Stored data
(* Let $M$ be a monoid and let $\chi=(r_0,T,\alpha,\theta)$ be an elliptic $M$-tree. Define $D_\chi:M\times M\to\overline{\mathbb N}$ by $D_\chi(m,m')=|\alpha m\wedge\alpha m'|$. Then: (i) $D_\chi$ is a length function for $M$; (ii) if $\mathrm{dep}(r_0,T)=l\in\mathbb N$, then the function $d(m,m')=2l-2D_\chi(m,m')$ satisfies $d(m,m')=d_T(\alpha_l m,\alpha_l m')$; (iii) if $\mathrm{dep}(r_0,T)=l\in\mathbb N$ and $\chi$ is strongly faithful, then $d$ is an ultrametric (in particular $d(m,m')=0$ implies $m=m'$).
   Context: $\overline{\mathbb N}=\mathbb N\cup\{\omega\}$. Rooted tree $(r_0,T)$: tree with root $r_0$, $\mathrm{dep}(v)=d_T(r_0,v)$, $\mathrm{dep}(r_0,T)=\sup_v\mathrm{dep}(v)$. A ray is either a geodesic $(\alpha_l,\dots,\alpha_1,\alpha_0=r_0)$ (length $|\alpha|=l$) or an infinite path $(\dots,\alpha_1,\alpha_0=r_0)$ with $\mathrm{dep}(\alpha_i)=i$ (length $\omega$); $\alpha\le\beta$ if $|\alpha|\le|\beta|$ and $\alpha_i=\beta_i$ for all $i\le|\alpha|$; maximal rays are maximal for $\le$; $(r_0,T)$ is uniform if all maximal rays have the same length. $\alpha\wedge\beta$ is the longest common initial segment of $\alpha$ and $\beta$ (equal to $\alpha$ if $\alpha=\beta$). Elliptic contractions are depth-preserving, distance-non-increasing maps of vertices; $\mathrm{Ell}(r_0,T)$ is their monoid. An elliptic action is a monoid homomorphism $\theta:M\to\mathrm{Ell}(r_0,T)$, written $v\mapsto vm$, extended to rays by $\alpha m=(\dots,\alpha_1m,\alpha_0m)$. An elliptic $M$-tree is $\chi=(r_0,T,\alpha,\theta)$ with $(r_0,T)$ uniform, $\alpha$ a maximal ray and $\theta$ an elliptic action that is $\alpha$-transitive: $\mathrm{Vert}(T)=\bigcup_i\alpha_iM$. It is strongly faithful if $\alpha m=\alpha m'$ implies $m=m'$. A length function for $M$ is $D:M\times M\to\overline{\mathbb N}$ with (L1) $D(m,m')=D(m',m)$; (L2) $D(m',m'')\le D(m,m)$; (L3) $D(m',m'')\le D(m'm,m''m)$; (L4) $D(m,m'')\ge\min\{D(m,m'),D(m',m'')\}$, for all $m,m',m''$. *)

theory Defs
  imports Main "HOL-Library.Extended_Nat"
begin

definition walk :: "'v set \<Rightarrow> ('v \<times> 'v) set \<Rightarrow> 'v list \<Rightarrow> 'v \<Rightarrow> 'v \<Rightarrow> bool" where
  "walk V E xs u v \<longleftrightarrow> xs \<noteq> [] \<and> hd xs = u \<and> last xs = v \<and> set xs \<subseteq> V \<and>
     (\<forall>i. Suc i < length xs \<longrightarrow> (xs ! i, xs ! Suc i) \<in> E)"

definition gpath :: "'v set \<Rightarrow> ('v \<times> 'v) set \<Rightarrow> 'v list \<Rightarrow> 'v \<Rightarrow> 'v \<Rightarrow> bool" where
  "gpath V E xs u v \<longleftrightarrow> walk V E xs u v \<and> distinct xs"

definition tree :: "'v set \<Rightarrow> ('v \<times> 'v) set \<Rightarrow> bool" where
  "tree V E \<longleftrightarrow> V \<noteq> {} \<and> E \<subseteq> V \<times> V \<and> sym E \<and> (\<forall>v. (v, v) \<notin> E) \<and>
     (\<forall>u\<in>V. \<forall>v\<in>V. \<exists>!xs. gpath V E xs u v)"

definition tdist :: "'v set \<Rightarrow> ('v \<times> 'v) set \<Rightarrow> 'v \<Rightarrow> 'v \<Rightarrow> nat" where
  "tdist V E u v = (LEAST n. \<exists>xs. walk V E xs u v \<and> length xs = Suc n)"

definition rooted_tree :: "'v set \<Rightarrow> ('v \<times> 'v) set \<Rightarrow> 'v \<Rightarrow> bool" where
  "rooted_tree V E r0 \<longleftrightarrow> tree V E \<and> r0 \<in> V"

text \<open>depth of a vertex and of the rooted tree (in enat, \<infinity> playing the role of omega)\<close>
definition dep :: "'v set \<Rightarrow> ('v \<times> 'v) set \<Rightarrow> 'v \<Rightarrow> 'v \<Rightarrow> nat" where
  "dep V E r0 v = tdist V E r0 v"

definition dep_tree :: "'v set \<Rightarrow> ('v \<times> 'v) set \<Rightarrow> 'v \<Rightarrow> enat" where
  "dep_tree V E r0 = (SUP v\<in>V. enat (dep V E r0 v))"

text \<open>A ray is represented as a partial map \<open>nat \<rightharpoonup> 'v\<close>, \<open>i \<mapsto> \<alpha>_i\<close>, whose domain is
  an initial segment of nat containing 0 (all of nat for rays of length omega),
  with \<open>\<alpha>_0 = r0\<close> and \<open>d_T(\<alpha>_i,\<alpha>_j) = |i - j|\<close> (geodesic).\<close>
definition ray :: "'v set \<Rightarrow> ('v \<times> 'v) set \<Rightarrow> 'v \<Rightarrow> (nat \<Rightarrow> 'v option) \<Rightarrow> bool" where
  "ray V E r0 \<alpha> \<longleftrightarrow> \<alpha> 0 = Some r0 \<and>
     (\<forall>i j. j \<le> i \<longrightarrow> \<alpha> i \<noteq> None \<longrightarrow> \<alpha> j \<noteq> None) \<and>
     (\<forall>i j x y. \<alpha> i = Some x \<longrightarrow> \<alpha> j = Some y \<longrightarrow>
        x \<in> V \<and> y \<in> V \<and> tdist V E x y = (if i \<le> j then j - i else i - j))"

definition ray_len :: "(nat \<Rightarrow> 'v option) \<Rightarrow> enat" where
  "ray_len \<alpha> = (if finite (dom \<alpha>) then enat (Max (dom \<alpha>)) else \<infinity>)"

definition ray_le :: "(nat \<Rightarrow> 'v option) \<Rightarrow> (nat \<Rightarrow> 'v option) \<Rightarrow> bool" where
  "ray_le \<alpha> \<beta> \<longleftrightarrow> ray_len \<alpha> \<le> ray_len \<beta> \<and> (\<forall>i. enat i \<le> ray_len \<alpha> \<longrightarrow> \<alpha> i = \<beta> i)"

definition maximal_ray :: "'v set \<Rightarrow> ('v \<times> 'v) set \<Rightarrow> 'v \<Rightarrow> (nat \<Rightarrow> 'v option) \<Rightarrow> bool" where
  "maximal_ray V E r0 \<alpha> \<longleftrightarrow> ray V E r0 \<alpha> \<and>
     (\<forall>\<beta>. ray V E r0 \<beta> \<longrightarrow> ray_le \<alpha> \<beta> \<longrightarrow> \<beta> = \<alpha>)"

definition uniform :: "'v set \<Rightarrow> ('v \<times> 'v) set \<Rightarrow> 'v \<Rightarrow> bool" where
  "uniform V E r0 \<longleftrightarrow> (\<forall>\<alpha> \<beta>. maximal_ray V E r0 \<alpha> \<longrightarrow> maximal_ray V E r0 \<beta> \<longrightarrow>
     ray_len \<alpha> = ray_len \<beta>)"

definition ray_meet :: "(nat \<Rightarrow> 'v option) \<Rightarrow> (nat \<Rightarrow> 'v option) \<Rightarrow> (nat \<Rightarrow> 'v option)" where
  "ray_meet \<alpha> \<beta> = (\<lambda>i. if \<forall>j\<le>i. \<alpha> j = \<beta> j then \<alpha> i else None)"

definition elliptic_contraction :: "'v set \<Rightarrow> ('v \<times> 'v) set \<Rightarrow> 'v \<Rightarrow> ('v \<Rightarrow> 'v) \<Rightarrow> bool" where
  "elliptic_contraction V E r0 f \<longleftrightarrow>
     (\<forall>v\<in>V. f v \<in> V \<and> dep V E r0 (f v) = dep V E r0 v) \<and>
     (\<forall>u\<in>V. \<forall>v\<in>V. tdist V E (f u) (f v) \<le> tdist V E u v)"

text \<open>An elliptic action, written as a right action \<open>v \<mapsto> vm = \<theta> m v\<close>, so that
  \<open>v(mm') = (vm)m'\<close> and \<open>v1 = v\<close> (on the vertex set).\<close>
definition elliptic_action :: "'v set \<Rightarrow> ('v \<times> 'v) set \<Rightarrow> 'v \<Rightarrow> ('m::monoid_mult \<Rightarrow> 'v \<Rightarrow> 'v) \<Rightarrow> bool" where
  "elliptic_action V E r0 \<theta> \<longleftrightarrow> (\<forall>m. elliptic_contraction V E r0 (\<theta> m)) \<and>
     (\<forall>v\<in>V. \<theta> 1 v = v) \<and> (\<forall>m m'. \<forall>v\<in>V. \<theta> (m * m') v = \<theta> m' (\<theta> m v))"

definition ray_act :: "('m \<Rightarrow> 'v \<Rightarrow> 'v) \<Rightarrow> 'm \<Rightarrow> (nat \<Rightarrow> 'v option) \<Rightarrow> (nat \<Rightarrow> 'v option)" where
  "ray_act \<theta> m \<alpha> = (\<lambda>i. map_option (\<theta> m) (\<alpha> i))"

definition alpha_transitive :: "'v set \<Rightarrow> (nat \<Rightarrow> 'v option) \<Rightarrow> ('m \<Rightarrow> 'v \<Rightarrow> 'v) \<Rightarrow> bool" where
  "alpha_transitive V \<alpha> \<theta> \<longleftrightarrow> V = (\<Union>i\<in>dom \<alpha>. range (\<lambda>m. \<theta> m (the (\<alpha> i))))"

definition elliptic_Mtree ::
  "'v set \<Rightarrow> ('v \<times> 'v) set \<Rightarrow> 'v \<Rightarrow> (nat \<Rightarrow> 'v option) \<Rightarrow> ('m::monoid_mult \<Rightarrow> 'v \<Rightarrow> 'v) \<Rightarrow> bool" where
  "elliptic_Mtree V E r0 \<alpha> \<theta> \<longleftrightarrow> rooted_tree V E r0 \<and> uniform V E r0 \<and>
     maximal_ray V E r0 \<alpha> \<and> elliptic_action V E r0 \<theta> \<and> alpha_transitive V \<alpha> \<theta>"

definition strongly_faithful :: "(nat \<Rightarrow> 'v option) \<Rightarrow> ('m \<Rightarrow> 'v \<Rightarrow> 'v) \<Rightarrow> bool" where
  "strongly_faithful \<alpha> \<theta> \<longleftrightarrow> (\<forall>m m'. ray_act \<theta> m \<alpha> = ray_act \<theta> m' \<alpha> \<longrightarrow> m = m')"

definition length_function :: "('m::monoid_mult \<Rightarrow> 'm \<Rightarrow> enat) \<Rightarrow> bool" where
  "length_function D \<longleftrightarrow>
     (\<forall>m m'. D m m' = D m' m) \<and>
     (\<forall>m m' m''. D m' m'' \<le> D m m) \<and>
     (\<forall>m m' m''. D m' m'' \<le> D (m' * m) (m'' * m)) \<and>
     (\<forall>m m' m''. D m m'' \<ge> min (D m m') (D m' m''))"

definition D_chi :: "('m \<Rightarrow> 'v \<Rightarrow> 'v) \<Rightarrow> (nat \<Rightarrow> 'v option) \<Rightarrow> 'm \<Rightarrow> 'm \<Rightarrow> enat" where
  "D_chi \<theta> \<alpha> m m' = ray_len (ray_meet (ray_act \<theta> m \<alpha>) (ray_act \<theta> m' \<alpha>))"

text \<open>An ultrametric with values in the natural numbers (finite values of enat).\<close>
definition ultrametric :: "('m \<Rightarrow> 'm \<Rightarrow> enat) \<Rightarrow> bool" where
  "ultrametric d \<longleftrightarrow> (\<forall>x y. d x y \<noteq> \<infinity>) \<and>
     (\<forall>x y. d x y = 0 \<longleftrightarrow> x = y) \<and> (\<forall>x y. d x y = d y x) \<and>
     (\<forall>x y z. d x z \<le> max (d x y) (d y z))"

end

theory Submission
  imports Defs
begin

text \<open>
  Everything rests on one geometric observation: an elliptic contraction fixes the root and maps
  the ray \<open>\<alpha>\<close> onto a geodesic issuing from the root (depths are preserved, edges cannot collapse).
  By uniqueness of paths in a tree, two such geodesics that meet at some depth coincide below it,
  so the translates \<open>\<alpha> m\<close>, \<open>\<alpha> m'\<close> agree exactly on an initial segment.

  Part (i) follows from
  the latter alone.  In finite depth \<open>l\<close> the ray \<open>\<alpha>\<close> has length \<open>l\<close>, \<open>D\<^sub>\<chi>(m, m')\<close> is the
  branching depth of \<open>\<alpha> m\<close> and \<open>\<alpha> m'\<close>, and parts (ii) and (iii) follow.
\<close>

section \<open>Walks, paths and the distance in a tree\<close>

lemma walk_successively:
  "walk V E xs u v \<longleftrightarrow> xs \<noteq> [] \<and> hd xs = u \<and> last xs = v \<and> set xs \<subseteq> V \<and>
     successively (\<lambda>x y. (x, y) \<in> E) xs"
  unfolding walk_def successively_conv_nth by simp

lemma successively_cut_cycle:
  assumes "successively P (as @ [y] @ bs @ [y] @ cs)"
  shows "successively P (as @ [y] @ cs)"
proof -
  have split: "as @ [y] @ bs @ [y] @ cs = as @ ((y # bs) @ (y # cs))" by simp
  have "successively P ((y # bs) @ (y # cs))"
    using assms unfolding split successively_append_iff by blast
  then have "successively P (y # cs)" unfolding successively_append_iff by blast
  moreover have "successively P as" "as = [] \<or> P (last as) y"
    using assms unfolding split successively_append_iff by auto
  ultimately have "successively P (as @ (y # cs))" unfolding successively_append_iff by auto
  then show ?thesis by simp
qed

lemma walk_shorten:
  assumes "walk V E ws u v" "\<not> distinct ws"
  obtains ws' where "walk V E ws' u v" "length ws' < length ws"
proof -
  obtain xs ys zs y where ws: "ws = xs @ [y] @ ys @ [y] @ zs"
    using not_distinct_decomp[OF assms(2)] by blast
  have "walk V E (xs @ [y] @ zs) u v"
    using assms(1) successively_cut_cycle[of "\<lambda>x y. (x, y) \<in> E" xs y ys zs]
    unfolding walk_successively ws by (auto simp: hd_append split: if_splits)
  with ws that show ?thesis by auto
qed

lemma tree_gpath_ex1:
  assumes "tree V E" "u \<in> V" "v \<in> V"
  shows "\<exists>!xs. gpath V E xs u v"
proof -
  have "\<forall>u\<in>V. \<forall>v\<in>V. \<exists>!xs. gpath V E xs u v"
    using assms(1) unfolding tree_def by (elim conjE)
  then show ?thesis using assms(2,3) by blast
qed

lemma tree_gpath_exists:
  assumes "tree V E" "u \<in> V" "v \<in> V"
  obtains xs where "gpath V E xs u v"
  using tree_gpath_ex1[OF assms] by blast

lemma tree_gpath_unique:
  assumes "tree V E" "u \<in> V" "v \<in> V" "gpath V E xs u v" "gpath V E ys u v"
  shows "xs = ys"
  using tree_gpath_ex1[OF assms(1-3)] assms(4,5) by (elim ex1E) blast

→ **Exercise brief**:
Only the lines from the one with "obtains xs where" through the end of the records above are to be copied, exactly as written.

→ **Answer below**:
  obtains xs where "gpath V E xs u v"
  using tree_gpath_ex1[OF assms] by blast

lemma tree_gpath_unique:
  assumes "tree V E" "u \<in> V" "v \<in> V" "gpath V E xs u v" "gpath V E ys u v"
  shows "xs = ys"
  using tree_gpath_ex1[OF assms(1-3)] assms(4,5) by (elim ex1E) blast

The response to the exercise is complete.